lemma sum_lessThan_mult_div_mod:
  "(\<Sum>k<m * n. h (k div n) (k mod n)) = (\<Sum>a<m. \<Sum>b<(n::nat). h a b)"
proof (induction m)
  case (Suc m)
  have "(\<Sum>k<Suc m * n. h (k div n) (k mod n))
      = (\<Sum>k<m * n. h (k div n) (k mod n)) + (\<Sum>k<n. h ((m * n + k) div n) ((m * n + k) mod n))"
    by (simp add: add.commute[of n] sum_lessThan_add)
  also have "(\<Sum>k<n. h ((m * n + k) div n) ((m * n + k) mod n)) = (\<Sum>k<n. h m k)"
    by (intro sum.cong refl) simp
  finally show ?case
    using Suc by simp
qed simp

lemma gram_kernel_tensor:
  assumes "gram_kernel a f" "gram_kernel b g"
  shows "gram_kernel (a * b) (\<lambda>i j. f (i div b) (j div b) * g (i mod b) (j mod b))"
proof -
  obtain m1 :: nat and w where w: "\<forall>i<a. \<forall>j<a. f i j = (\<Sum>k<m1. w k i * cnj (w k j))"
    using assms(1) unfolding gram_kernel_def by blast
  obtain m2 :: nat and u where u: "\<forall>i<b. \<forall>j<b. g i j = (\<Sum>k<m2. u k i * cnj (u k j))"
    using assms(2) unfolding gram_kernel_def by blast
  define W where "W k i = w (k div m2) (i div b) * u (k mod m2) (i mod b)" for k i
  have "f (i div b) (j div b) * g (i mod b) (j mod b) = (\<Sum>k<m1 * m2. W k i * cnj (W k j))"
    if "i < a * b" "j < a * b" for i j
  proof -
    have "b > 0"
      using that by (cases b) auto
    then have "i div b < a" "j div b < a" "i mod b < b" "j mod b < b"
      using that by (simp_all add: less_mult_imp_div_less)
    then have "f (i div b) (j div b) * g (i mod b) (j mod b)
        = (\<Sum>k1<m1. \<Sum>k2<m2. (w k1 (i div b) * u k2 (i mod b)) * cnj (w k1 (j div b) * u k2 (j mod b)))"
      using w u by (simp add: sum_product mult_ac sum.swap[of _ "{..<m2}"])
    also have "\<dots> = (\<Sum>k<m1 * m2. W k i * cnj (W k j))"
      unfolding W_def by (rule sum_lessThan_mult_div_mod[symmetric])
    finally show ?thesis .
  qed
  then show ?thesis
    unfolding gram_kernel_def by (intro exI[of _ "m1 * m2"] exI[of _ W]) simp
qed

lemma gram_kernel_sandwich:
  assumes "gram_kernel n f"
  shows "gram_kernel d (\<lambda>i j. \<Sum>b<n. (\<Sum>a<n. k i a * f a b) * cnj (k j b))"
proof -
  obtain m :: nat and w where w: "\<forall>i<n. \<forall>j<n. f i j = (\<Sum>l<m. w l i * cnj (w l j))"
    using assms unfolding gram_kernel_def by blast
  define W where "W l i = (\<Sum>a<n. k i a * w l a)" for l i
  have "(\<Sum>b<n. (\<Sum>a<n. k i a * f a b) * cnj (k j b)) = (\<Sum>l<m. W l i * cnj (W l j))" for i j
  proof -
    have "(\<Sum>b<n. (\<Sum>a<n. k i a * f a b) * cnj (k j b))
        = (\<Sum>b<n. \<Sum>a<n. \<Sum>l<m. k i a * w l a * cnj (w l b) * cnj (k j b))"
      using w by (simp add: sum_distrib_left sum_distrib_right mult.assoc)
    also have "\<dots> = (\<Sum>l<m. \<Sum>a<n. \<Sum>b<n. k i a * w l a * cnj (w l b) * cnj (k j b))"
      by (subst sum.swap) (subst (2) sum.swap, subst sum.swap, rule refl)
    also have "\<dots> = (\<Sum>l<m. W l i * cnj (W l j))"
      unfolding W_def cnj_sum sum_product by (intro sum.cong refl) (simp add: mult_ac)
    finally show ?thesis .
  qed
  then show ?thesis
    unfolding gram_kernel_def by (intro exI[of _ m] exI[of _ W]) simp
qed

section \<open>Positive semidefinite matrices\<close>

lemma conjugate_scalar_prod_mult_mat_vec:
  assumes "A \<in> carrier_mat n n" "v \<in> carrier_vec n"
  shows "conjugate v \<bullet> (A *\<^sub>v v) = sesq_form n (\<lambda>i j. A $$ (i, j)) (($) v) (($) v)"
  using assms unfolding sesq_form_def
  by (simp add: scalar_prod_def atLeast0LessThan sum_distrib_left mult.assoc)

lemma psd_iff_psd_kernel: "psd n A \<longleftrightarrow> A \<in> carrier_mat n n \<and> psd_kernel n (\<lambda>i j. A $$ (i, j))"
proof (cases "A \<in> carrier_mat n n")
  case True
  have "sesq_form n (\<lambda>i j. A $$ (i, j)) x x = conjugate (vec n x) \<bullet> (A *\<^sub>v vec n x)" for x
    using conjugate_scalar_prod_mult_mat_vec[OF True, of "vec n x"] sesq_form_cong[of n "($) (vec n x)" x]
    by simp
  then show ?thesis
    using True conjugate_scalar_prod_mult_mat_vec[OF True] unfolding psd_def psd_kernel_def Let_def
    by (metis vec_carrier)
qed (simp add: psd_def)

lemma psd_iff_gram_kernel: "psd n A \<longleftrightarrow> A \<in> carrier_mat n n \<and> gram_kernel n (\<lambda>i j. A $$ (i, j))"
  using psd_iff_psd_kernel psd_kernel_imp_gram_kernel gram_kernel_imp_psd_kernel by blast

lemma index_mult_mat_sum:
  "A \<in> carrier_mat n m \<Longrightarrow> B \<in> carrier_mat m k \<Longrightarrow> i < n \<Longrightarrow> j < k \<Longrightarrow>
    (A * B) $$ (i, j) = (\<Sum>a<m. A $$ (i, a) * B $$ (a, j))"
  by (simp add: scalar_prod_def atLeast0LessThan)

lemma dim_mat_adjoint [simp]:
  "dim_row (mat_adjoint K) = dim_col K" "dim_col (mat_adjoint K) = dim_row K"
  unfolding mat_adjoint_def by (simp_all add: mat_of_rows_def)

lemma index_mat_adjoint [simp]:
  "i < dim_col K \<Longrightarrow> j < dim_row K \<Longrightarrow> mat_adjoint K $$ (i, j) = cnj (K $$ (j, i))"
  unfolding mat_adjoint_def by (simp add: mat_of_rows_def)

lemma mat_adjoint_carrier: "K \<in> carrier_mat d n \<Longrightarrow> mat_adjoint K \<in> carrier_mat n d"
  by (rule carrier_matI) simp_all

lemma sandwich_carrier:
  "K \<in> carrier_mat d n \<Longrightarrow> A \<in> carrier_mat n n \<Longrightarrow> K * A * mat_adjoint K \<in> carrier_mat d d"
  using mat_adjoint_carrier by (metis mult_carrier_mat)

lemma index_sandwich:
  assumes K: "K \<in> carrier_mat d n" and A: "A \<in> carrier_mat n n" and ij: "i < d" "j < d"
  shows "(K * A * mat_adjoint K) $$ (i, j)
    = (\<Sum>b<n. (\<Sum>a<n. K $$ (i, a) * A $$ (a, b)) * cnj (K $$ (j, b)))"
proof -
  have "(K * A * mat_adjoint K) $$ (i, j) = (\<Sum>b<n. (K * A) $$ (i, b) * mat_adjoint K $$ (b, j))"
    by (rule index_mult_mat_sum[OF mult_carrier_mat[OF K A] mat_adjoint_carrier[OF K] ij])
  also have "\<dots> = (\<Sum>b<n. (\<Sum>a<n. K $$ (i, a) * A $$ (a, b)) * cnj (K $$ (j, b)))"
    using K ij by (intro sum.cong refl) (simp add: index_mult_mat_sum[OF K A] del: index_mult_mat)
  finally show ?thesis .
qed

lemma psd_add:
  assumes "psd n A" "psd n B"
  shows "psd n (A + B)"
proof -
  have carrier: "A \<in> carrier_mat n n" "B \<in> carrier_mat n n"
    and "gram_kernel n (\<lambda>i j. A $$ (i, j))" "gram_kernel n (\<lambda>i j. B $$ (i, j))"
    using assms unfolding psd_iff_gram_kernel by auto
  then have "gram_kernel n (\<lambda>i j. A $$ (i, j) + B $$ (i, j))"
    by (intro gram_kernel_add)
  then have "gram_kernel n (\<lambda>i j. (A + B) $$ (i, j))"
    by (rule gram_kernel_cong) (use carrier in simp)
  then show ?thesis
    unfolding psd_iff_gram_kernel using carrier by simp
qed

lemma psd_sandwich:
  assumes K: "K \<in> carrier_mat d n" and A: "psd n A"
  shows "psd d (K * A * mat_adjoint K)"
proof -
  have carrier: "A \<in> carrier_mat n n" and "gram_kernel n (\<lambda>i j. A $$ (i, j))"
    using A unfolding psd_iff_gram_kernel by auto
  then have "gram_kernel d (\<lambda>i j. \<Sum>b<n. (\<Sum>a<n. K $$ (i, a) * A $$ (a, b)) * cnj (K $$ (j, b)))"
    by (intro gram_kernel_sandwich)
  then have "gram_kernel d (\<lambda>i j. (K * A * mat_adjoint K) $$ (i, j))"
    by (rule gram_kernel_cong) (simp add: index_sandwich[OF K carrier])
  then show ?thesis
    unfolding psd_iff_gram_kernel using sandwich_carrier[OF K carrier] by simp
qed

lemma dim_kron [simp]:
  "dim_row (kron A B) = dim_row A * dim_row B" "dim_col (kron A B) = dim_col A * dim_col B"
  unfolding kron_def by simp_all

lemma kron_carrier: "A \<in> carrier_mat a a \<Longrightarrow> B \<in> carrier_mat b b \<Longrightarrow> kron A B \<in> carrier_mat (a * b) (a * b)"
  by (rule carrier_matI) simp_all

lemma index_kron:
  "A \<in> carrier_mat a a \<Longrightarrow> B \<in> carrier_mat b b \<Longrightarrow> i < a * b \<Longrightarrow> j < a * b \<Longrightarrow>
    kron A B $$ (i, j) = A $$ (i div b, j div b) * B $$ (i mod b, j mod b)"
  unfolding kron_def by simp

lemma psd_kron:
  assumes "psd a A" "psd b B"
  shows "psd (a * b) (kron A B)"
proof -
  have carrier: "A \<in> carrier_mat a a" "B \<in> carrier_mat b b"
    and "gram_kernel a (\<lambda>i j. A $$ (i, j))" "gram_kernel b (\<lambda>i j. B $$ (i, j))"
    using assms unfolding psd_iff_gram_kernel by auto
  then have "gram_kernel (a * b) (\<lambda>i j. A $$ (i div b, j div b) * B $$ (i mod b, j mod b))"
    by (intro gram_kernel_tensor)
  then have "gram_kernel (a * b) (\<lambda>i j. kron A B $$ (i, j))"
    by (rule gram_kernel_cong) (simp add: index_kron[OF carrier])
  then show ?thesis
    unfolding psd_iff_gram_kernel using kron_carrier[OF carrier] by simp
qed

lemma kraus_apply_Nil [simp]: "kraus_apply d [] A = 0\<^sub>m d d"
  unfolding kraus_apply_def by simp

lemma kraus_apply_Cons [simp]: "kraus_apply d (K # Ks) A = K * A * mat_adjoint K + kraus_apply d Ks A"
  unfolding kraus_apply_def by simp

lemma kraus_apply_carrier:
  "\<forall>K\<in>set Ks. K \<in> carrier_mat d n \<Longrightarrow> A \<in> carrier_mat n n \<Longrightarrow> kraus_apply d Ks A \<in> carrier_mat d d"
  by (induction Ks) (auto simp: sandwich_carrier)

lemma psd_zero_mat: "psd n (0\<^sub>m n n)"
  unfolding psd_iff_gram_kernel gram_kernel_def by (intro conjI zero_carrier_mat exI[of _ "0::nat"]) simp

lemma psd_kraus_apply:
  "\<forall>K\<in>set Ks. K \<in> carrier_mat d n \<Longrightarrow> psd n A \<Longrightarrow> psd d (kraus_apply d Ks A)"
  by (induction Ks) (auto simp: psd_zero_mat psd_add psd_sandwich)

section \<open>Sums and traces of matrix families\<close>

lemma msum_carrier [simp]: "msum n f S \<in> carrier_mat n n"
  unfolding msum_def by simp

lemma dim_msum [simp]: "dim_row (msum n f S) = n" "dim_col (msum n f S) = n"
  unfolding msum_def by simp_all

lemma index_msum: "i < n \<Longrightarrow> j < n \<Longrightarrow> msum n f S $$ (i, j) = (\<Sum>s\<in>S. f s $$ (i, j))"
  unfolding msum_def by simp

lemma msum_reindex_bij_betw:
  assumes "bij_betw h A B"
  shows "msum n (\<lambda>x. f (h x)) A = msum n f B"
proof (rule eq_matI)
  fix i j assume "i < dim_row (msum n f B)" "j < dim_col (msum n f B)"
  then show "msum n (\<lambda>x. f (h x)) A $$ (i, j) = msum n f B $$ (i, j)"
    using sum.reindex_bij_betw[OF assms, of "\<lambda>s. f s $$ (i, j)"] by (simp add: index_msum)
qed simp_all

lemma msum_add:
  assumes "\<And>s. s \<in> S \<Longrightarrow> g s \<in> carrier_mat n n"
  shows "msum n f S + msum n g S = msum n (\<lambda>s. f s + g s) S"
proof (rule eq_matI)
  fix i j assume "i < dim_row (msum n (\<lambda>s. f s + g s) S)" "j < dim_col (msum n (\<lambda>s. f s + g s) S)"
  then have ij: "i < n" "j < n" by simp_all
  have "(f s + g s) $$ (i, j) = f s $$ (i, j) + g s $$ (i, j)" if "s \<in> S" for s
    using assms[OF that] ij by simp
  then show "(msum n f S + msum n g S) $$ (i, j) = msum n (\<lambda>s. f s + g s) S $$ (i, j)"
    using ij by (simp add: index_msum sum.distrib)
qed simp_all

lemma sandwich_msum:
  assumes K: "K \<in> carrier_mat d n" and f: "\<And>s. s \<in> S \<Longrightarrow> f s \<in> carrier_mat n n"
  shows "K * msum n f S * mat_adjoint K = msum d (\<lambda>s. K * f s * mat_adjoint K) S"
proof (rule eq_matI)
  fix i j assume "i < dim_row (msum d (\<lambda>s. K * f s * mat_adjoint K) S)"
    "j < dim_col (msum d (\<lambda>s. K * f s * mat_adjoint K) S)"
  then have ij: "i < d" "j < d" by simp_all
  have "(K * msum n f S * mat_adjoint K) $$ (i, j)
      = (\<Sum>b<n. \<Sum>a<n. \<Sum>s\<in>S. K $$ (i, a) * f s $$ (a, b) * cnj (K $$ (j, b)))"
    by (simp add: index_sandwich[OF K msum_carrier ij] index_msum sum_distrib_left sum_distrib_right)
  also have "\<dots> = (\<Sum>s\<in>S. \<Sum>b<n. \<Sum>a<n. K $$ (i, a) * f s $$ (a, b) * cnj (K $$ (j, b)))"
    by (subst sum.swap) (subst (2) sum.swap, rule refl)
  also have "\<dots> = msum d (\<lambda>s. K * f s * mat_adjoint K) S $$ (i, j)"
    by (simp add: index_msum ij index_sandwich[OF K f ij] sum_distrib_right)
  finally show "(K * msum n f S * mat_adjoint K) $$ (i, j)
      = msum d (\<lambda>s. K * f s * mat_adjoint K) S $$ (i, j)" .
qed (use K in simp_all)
##########
__Instructions to follow__
Each line of the records, from the opening one through the line holding "by (simp add: add.commute[of", should be restated word for word, with nothing else in the answer.

__Answer to this exercise__
lemma sum_lessThan_mult_div_mod:
  "(\<Sum>k<m * n. h (k div n) (k mod n)) = (\<Sum>a<m. \<Sum>b<(n::nat). h a b)"
proof (induction m)
  case (Suc m)
  have "(\<Sum>k<Suc m * n. h (k div n) (k mod n))
      = (\<Sum>k<m * n. h (k div n) (k mod n)) + (\<Sum>k<n. h ((m * n + k) div n) ((m * n + k) mod n))"
    by (simp add: add.commute[of n] sum_lessThan_add)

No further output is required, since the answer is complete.